++++ Working data ++++

(* For every integer $k\ge 2$ and every $0<\varepsilon\le 1$ there exists a positive integer $N(k,\varepsilon)$ such that the following holds. If $n$ is a positive integer, $A$ is an alphabet with $|A|=k$ and $D\subseteq A^n$, then there exist a positive integer $M\le N(k,\varepsilon)$, a partition $\mathcal{P}$ of $A^n$ with $\mathcal{P}\subseteq\mathcal{S}(A^n)$ and $|\mathcal{P}|=M$, and a subfamily $\mathcal{P}'\subseteq\mathcal{P}$ with $\mathbb{P}(\bigcup\mathcal{P}')\ge 1-\varepsilon$ such that $|\mathbb{P}_T(D)-\mathbb{P}_S(D)|\le\varepsilon$ for every $S\in\mathcal{P}'$ and every $T\subseteq S$ with $T\in\mathcal{S}(A^n)$ and $|T|\ge\varepsilon|S|$.
   Context: $A$ is a finite set, $A^n$ the set of sequences $(a_0,\dots,a_{n-1})$ with entries in $A$; $\mathbb{P}$ is the uniform probability measure on $A^n$, and for nonempty $S\subseteq A^n$, $\mathbb{P}_S(X)=|X\cap S|/|S|$. For distinct $a,b\in A$, $z,y\in A^n$ are $(a,b)$-equivalent if for every coordinate $i$ and every $\gamma\in A\setminus\{a,b\}$, $z_i=\gamma$ iff $y_i=\gamma$. A set $X\subseteq A^n$ is $(a,b)$-insensitive if it is a union of $(a,b)$-equivalence classes. $\mathcal{S}(A^n)$ is the family of all sets of the form $\bigcap_{\{a,b\}} X_{\{a,b\}}$, the intersection over all 2-element subsets $\{a,b\}$ of $A$, where each $X_{\{a,b\}}$ is $(a,b)$-insensitive. $\mathcal{P}\subseteq\mathcal{S}(A^n)$ means every member of the partition lies in $\mathcal{S}(A^n)$. *)

theory Defs
  imports Complex_Main "HOL-Library.FuncSet"
begin

definition cube :: "'a set \<Rightarrow> nat \<Rightarrow> (nat \<Rightarrow> 'a) set" where
  "cube A n = ({..<n} \<rightarrow>\<^sub>E A)"

definition unif_prob :: "'a set \<Rightarrow> nat \<Rightarrow> (nat \<Rightarrow> 'a) set \<Rightarrow> real" where
  "unif_prob A n X = real (card (X \<inter> cube A n)) / real (card (cube A n))"

definition cond_prob :: "(nat \<Rightarrow> 'a) set \<Rightarrow> (nat \<Rightarrow> 'a) set \<Rightarrow> real" where
  "cond_prob S X = real (card (X \<inter> S)) / real (card S)"

definition ab_equiv :: "'a set \<Rightarrow> nat \<Rightarrow> 'a \<Rightarrow> 'a \<Rightarrow> (nat \<Rightarrow> 'a) \<Rightarrow> (nat \<Rightarrow> 'a) \<Rightarrow> bool" where
  "ab_equiv A n a b z y \<longleftrightarrow>
     (\<forall>i<n. \<forall>\<gamma>\<in>A - {a, b}. (z i = \<gamma>) \<longleftrightarrow> (y i = \<gamma>))"

definition ab_insensitive :: "'a set \<Rightarrow> nat \<Rightarrow> 'a \<Rightarrow> 'a \<Rightarrow> (nat \<Rightarrow> 'a) set \<Rightarrow> bool" where
  "ab_insensitive A n a b X \<longleftrightarrow>
     X \<subseteq> cube A n \<and> (\<forall>z\<in>X. \<forall>y\<in>cube A n. ab_equiv A n a b z y \<longrightarrow> y \<in> X)"

definition S_family :: "'a set \<Rightarrow> nat \<Rightarrow> (nat \<Rightarrow> 'a) set set" where
  "S_family A n = {Y. \<exists>F :: 'a set \<Rightarrow> (nat \<Rightarrow> 'a) set.
      (\<forall>a\<in>A. \<forall>b\<in>A. a \<noteq> b \<longrightarrow> ab_insensitive A n a b (F {a, b})) \<and>
      Y = cube A n \<inter> (\<Inter>{F {a, b} | a b. a \<in> A \<and> b \<in> A \<and> a \<noteq> b})}"

definition is_partition :: "'b set \<Rightarrow> 'b set set \<Rightarrow> bool" where
  "is_partition U P \<longleftrightarrow> \<Union>P = U \<and> (\<forall>X\<in>P. X \<noteq> {}) \<and>
     (\<forall>X\<in>P. \<forall>Y\<in>P. X \<noteq> Y \<longrightarrow> X \<inter> Y = {})"

end

theory Submission
  imports Defs
begin

text \<open>Energy increment. The energy \<open>\<Sum>X\<in>P. |X| \<P>\<^sub>X(D)\<^sup>2\<close> of a partition \<open>P\<close>
  of \<open>A\<^sup>n\<close> never exceeds \<open>|A\<^sup>n|\<close>. If the cells on which \<open>D\<close> is \<open>\<epsilon>\<close>-regular
  cover less than a \<open>1 - \<epsilon>\<close> fraction of \<open>A\<^sup>n\<close>, every irregular cell \<open>S\<close> has a
  witness \<open>T \<in> \<S>(A\<^sup>n)\<close> with \<open>|T| \<ge> \<epsilon>|S|\<close> on which the density of \<open>D\<close> is off by
  more than \<open>\<epsilon>\<close>. The atoms of the Boolean algebra generated by the \<open>(a,b)\<close>-insensitive
  sets defining \<open>T\<close> lie in \<open>\<S>(A\<^sup>n)\<close>, so \<open>S\<close> splits into at most \<open>2^(k\<^sup>2)\<close>
  members of \<open>\<S>(A\<^sup>n)\<close>, one of which is \<open>T\<close>; by the variance identity this raises the
  energy by at least \<open>\<epsilon>\<^sup>3|S|\<close>, hence the total energy by \<open>\<epsilon>\<^sup>4|A\<^sup>n|\<close>. So after
  \<open>\<lceil>1/\<epsilon>\<^sup>4\<rceil> + 1\<close> rounds the regular cells must cover a \<open>1 - \<epsilon>\<close> fraction.\<close>

subsection \<open>The family \<open>\<S>(A\<^sup>n)\<close>\<close>

lemma finite_cube: "finite A \<Longrightarrow> finite (cube A n)"
  unfolding cube_def by (rule finite_PiE) auto

lemma cube_nonempty: "A \<noteq> {} \<Longrightarrow> cube A n \<noteq> {}"
  unfolding cube_def by (simp add: PiE_eq_empty_iff)

lemma ab_insensitive_cube: "ab_insensitive A n a b (cube A n)"
  unfolding ab_insensitive_def by auto

lemma ab_insensitive_Int:
  "ab_insensitive A n a b X \<Longrightarrow> ab_insensitive A n a b Y \<Longrightarrow> ab_insensitive A n a b (X \<inter> Y)"
  unfolding ab_insensitive_def by blast

lemma ab_insensitive_Diff:
  assumes "ab_insensitive A n a b X"
  shows "ab_insensitive A n a b (cube A n - X)"
proof -
  have "ab_equiv A n a b y z" if "ab_equiv A n a b z y" for y z
    using that unfolding ab_equiv_def by metis
  then show ?thesis
    using assms unfolding ab_insensitive_def by blast
qed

++++

» About this exercise: The lines you return should be those above that contain the word "imports", every one of them.

» Answer box:
  imports Complex_Main "HOL-Library.FuncSet"
  imports Defs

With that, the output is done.